(What is expected):
For each line of the data below that contains "lconc", return that line.

(Data provided)

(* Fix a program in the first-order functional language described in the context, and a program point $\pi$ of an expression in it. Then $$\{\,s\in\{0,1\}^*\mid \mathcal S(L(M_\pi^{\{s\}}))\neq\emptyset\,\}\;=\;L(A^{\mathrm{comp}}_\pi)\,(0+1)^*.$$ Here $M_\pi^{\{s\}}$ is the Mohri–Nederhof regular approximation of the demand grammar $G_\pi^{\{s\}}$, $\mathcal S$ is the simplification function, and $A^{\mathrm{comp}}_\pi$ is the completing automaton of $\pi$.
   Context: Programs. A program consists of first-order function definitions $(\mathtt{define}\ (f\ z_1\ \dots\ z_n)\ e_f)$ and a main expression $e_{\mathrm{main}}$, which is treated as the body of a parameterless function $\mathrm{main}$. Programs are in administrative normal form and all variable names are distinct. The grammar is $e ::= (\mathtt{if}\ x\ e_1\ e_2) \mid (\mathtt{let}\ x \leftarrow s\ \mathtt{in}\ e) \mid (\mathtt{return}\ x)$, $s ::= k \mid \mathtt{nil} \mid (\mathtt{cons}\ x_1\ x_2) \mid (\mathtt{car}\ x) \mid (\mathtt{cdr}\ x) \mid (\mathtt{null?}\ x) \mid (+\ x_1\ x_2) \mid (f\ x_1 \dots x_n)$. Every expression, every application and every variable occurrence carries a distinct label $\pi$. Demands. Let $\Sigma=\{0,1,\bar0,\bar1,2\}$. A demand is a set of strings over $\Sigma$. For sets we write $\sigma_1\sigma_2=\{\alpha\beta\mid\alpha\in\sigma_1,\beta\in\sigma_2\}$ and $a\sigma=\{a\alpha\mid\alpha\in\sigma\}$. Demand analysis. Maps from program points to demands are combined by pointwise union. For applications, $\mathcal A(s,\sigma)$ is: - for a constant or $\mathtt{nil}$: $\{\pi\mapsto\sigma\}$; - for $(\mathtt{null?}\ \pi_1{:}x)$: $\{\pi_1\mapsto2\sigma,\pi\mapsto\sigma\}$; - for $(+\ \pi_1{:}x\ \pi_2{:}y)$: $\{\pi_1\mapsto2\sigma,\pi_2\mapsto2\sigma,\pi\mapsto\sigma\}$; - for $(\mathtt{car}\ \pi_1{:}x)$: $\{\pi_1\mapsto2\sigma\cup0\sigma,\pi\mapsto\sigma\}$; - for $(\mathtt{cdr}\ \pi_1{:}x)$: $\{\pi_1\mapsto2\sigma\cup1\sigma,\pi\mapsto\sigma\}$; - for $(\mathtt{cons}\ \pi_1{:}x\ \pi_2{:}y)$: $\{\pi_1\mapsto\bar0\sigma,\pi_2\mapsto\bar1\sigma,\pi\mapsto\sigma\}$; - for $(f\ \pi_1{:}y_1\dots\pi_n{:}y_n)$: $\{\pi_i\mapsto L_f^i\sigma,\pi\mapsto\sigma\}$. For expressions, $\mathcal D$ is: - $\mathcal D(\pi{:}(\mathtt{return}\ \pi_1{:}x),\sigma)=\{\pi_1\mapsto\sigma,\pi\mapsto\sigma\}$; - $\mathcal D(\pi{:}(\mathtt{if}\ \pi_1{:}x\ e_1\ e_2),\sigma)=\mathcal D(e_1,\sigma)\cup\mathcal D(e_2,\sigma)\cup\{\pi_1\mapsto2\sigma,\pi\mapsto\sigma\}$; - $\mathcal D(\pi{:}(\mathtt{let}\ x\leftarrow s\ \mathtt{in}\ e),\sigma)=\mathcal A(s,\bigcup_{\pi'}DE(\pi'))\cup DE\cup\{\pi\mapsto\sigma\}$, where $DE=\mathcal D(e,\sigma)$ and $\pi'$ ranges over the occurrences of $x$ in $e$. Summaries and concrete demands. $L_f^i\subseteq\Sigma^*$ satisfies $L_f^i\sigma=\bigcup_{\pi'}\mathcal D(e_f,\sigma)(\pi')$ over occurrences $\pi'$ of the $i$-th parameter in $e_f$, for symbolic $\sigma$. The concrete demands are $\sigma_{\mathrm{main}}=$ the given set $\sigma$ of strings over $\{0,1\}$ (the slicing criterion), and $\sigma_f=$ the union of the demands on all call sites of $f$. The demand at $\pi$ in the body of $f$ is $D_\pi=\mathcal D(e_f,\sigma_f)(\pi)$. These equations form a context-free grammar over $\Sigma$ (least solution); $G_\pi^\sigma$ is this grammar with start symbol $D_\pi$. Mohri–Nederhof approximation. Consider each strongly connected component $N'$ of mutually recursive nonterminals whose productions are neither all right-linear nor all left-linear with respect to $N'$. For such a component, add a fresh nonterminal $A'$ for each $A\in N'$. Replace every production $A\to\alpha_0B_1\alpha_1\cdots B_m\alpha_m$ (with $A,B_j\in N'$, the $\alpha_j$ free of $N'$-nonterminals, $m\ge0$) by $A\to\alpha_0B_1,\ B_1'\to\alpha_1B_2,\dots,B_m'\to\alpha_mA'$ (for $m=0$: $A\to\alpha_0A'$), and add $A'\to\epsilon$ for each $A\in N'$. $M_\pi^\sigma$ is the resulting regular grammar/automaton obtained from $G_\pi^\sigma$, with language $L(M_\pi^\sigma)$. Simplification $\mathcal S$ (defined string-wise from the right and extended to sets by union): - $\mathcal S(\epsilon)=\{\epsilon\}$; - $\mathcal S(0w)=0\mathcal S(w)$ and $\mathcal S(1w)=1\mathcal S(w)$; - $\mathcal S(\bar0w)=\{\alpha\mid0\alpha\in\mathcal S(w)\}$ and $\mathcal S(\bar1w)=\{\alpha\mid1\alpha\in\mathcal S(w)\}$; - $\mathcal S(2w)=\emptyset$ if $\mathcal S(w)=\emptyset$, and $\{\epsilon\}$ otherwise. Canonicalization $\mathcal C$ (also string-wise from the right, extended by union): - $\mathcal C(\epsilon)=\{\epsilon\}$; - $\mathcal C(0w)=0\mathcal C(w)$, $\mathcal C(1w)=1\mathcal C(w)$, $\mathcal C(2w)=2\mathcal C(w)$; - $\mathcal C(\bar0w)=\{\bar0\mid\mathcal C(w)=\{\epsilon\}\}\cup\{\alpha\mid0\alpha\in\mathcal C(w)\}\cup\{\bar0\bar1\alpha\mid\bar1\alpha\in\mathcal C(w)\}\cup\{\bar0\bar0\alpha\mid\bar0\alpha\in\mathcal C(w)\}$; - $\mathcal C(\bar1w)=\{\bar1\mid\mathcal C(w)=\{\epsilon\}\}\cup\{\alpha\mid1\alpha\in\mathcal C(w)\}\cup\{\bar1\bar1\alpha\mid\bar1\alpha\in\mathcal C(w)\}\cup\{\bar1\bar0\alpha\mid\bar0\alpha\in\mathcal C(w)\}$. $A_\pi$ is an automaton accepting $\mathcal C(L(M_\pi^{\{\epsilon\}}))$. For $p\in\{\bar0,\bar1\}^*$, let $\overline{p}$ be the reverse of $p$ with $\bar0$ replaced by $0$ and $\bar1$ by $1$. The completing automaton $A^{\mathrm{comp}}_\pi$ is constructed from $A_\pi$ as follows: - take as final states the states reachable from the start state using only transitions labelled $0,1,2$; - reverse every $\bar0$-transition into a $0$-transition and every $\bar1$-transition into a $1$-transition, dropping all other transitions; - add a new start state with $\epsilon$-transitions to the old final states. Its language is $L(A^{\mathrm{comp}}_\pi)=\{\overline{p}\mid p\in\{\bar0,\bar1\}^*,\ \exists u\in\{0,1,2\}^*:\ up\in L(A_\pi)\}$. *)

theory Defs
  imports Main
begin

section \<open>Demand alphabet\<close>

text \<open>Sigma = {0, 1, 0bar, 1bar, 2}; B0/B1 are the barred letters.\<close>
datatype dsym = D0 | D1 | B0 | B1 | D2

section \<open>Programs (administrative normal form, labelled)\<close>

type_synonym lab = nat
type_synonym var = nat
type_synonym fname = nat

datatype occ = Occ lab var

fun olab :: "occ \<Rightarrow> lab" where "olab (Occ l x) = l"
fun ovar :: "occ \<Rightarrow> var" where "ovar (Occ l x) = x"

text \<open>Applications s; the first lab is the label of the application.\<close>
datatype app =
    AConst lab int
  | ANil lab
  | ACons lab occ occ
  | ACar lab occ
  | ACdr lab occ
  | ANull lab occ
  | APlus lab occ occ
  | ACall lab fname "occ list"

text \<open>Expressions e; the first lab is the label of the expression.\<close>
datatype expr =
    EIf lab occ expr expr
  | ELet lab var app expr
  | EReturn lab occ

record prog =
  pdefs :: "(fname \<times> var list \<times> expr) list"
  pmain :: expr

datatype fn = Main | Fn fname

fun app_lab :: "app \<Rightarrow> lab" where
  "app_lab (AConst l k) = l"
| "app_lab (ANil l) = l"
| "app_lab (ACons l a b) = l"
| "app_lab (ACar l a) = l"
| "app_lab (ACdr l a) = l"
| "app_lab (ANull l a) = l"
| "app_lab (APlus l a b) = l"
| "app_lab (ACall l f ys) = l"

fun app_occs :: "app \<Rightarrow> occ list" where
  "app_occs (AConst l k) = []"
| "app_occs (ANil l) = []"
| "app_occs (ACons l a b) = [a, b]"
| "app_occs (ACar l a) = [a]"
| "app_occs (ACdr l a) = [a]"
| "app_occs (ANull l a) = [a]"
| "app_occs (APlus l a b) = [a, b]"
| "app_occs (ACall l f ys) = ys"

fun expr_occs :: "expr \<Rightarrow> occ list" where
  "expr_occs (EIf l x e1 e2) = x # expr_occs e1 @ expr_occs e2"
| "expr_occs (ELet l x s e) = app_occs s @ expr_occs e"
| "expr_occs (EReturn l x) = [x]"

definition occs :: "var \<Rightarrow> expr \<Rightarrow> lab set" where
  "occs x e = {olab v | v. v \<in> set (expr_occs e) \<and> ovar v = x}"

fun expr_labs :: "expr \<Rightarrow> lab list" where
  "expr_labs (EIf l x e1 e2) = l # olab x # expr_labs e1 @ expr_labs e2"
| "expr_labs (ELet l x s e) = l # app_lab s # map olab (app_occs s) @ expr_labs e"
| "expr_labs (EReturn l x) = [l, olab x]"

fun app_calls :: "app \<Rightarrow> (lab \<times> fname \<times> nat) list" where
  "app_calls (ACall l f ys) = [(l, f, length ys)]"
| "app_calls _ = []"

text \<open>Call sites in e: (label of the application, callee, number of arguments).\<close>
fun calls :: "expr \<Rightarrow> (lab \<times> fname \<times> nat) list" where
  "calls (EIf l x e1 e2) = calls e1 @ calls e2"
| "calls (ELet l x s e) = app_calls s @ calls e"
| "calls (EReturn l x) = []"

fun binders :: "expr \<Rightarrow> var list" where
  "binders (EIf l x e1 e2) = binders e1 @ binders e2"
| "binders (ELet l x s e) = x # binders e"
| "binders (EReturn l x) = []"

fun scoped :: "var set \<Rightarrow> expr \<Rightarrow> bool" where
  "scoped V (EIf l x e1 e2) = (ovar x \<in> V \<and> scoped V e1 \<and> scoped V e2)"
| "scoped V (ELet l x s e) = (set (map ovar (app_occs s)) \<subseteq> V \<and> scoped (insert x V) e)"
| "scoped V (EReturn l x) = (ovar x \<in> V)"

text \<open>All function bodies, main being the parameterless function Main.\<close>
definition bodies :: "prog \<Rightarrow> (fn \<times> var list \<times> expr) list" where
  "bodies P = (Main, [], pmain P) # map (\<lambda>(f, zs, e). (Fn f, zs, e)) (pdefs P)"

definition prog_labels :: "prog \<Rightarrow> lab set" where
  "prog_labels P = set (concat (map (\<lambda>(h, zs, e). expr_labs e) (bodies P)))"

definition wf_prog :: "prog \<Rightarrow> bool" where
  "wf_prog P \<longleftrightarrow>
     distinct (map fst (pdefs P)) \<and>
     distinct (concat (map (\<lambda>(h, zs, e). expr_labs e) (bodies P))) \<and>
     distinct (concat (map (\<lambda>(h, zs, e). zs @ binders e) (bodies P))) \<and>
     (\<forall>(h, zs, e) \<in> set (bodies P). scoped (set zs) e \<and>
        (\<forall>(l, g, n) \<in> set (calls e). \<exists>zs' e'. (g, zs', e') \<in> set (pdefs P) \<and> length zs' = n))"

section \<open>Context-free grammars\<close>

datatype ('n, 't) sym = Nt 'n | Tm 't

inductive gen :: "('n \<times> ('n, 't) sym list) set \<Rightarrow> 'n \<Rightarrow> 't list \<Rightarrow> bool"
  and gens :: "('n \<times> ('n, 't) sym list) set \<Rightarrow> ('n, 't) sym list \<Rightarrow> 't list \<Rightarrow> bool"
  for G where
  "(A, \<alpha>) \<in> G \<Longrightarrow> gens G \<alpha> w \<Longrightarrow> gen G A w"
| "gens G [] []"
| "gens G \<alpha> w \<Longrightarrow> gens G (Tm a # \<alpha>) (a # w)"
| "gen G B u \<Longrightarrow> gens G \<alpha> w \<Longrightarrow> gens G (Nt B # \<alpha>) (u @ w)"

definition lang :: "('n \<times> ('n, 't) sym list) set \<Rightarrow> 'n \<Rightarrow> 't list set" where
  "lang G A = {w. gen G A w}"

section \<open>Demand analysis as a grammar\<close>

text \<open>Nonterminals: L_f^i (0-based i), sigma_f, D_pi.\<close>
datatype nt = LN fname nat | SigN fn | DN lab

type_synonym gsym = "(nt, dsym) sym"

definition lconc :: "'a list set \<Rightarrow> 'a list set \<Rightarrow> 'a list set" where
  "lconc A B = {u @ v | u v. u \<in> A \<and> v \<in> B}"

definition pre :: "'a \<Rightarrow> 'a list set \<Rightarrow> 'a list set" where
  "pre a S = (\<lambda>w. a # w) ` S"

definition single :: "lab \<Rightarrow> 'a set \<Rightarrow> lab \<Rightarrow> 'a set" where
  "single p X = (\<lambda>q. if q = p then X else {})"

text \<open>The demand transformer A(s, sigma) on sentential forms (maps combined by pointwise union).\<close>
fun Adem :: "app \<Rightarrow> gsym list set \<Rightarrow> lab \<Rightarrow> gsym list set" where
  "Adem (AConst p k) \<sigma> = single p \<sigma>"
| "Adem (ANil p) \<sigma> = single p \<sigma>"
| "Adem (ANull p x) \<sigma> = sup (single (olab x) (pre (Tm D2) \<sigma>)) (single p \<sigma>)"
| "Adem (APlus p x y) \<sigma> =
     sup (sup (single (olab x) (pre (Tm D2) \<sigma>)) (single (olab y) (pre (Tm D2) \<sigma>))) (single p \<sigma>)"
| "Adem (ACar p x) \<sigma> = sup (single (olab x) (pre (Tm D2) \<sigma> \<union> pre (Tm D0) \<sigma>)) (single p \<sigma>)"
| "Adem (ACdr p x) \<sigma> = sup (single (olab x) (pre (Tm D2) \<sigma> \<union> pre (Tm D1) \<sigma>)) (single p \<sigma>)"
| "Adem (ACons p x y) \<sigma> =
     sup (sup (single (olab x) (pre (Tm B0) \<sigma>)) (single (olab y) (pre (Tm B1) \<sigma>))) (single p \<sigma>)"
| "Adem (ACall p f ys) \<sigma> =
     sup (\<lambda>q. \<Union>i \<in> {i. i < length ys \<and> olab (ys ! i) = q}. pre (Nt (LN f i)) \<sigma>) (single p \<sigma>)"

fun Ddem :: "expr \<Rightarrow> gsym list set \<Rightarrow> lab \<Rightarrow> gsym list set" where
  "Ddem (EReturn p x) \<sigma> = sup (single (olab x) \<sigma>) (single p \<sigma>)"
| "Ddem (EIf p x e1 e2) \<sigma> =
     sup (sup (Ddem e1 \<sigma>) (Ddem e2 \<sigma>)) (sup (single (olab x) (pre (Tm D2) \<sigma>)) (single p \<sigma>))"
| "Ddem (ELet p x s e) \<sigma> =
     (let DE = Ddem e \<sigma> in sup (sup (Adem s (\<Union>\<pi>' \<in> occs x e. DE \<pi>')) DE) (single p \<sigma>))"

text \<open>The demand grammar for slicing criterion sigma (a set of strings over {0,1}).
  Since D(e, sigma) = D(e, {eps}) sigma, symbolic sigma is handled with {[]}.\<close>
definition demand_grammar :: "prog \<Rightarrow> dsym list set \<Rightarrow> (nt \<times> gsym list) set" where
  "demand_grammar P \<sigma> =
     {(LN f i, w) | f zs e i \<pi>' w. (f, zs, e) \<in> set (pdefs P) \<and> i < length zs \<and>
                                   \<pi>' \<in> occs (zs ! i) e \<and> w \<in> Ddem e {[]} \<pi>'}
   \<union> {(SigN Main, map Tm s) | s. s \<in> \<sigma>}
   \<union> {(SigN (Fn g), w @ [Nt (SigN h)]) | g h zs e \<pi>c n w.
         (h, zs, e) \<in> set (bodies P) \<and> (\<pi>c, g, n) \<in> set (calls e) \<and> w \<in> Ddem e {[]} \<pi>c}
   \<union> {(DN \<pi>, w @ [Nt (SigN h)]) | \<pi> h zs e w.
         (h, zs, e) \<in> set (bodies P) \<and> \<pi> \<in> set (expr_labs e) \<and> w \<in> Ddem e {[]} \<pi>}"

(End Data provided)

(Solution for this task):
definition lconc :: "'a list set \<Rightarrow> 'a list set \<Rightarrow> 'a list set" where
  "lconc A B = {u @ v | u v. u \<in> A \<and> v \<in> B}"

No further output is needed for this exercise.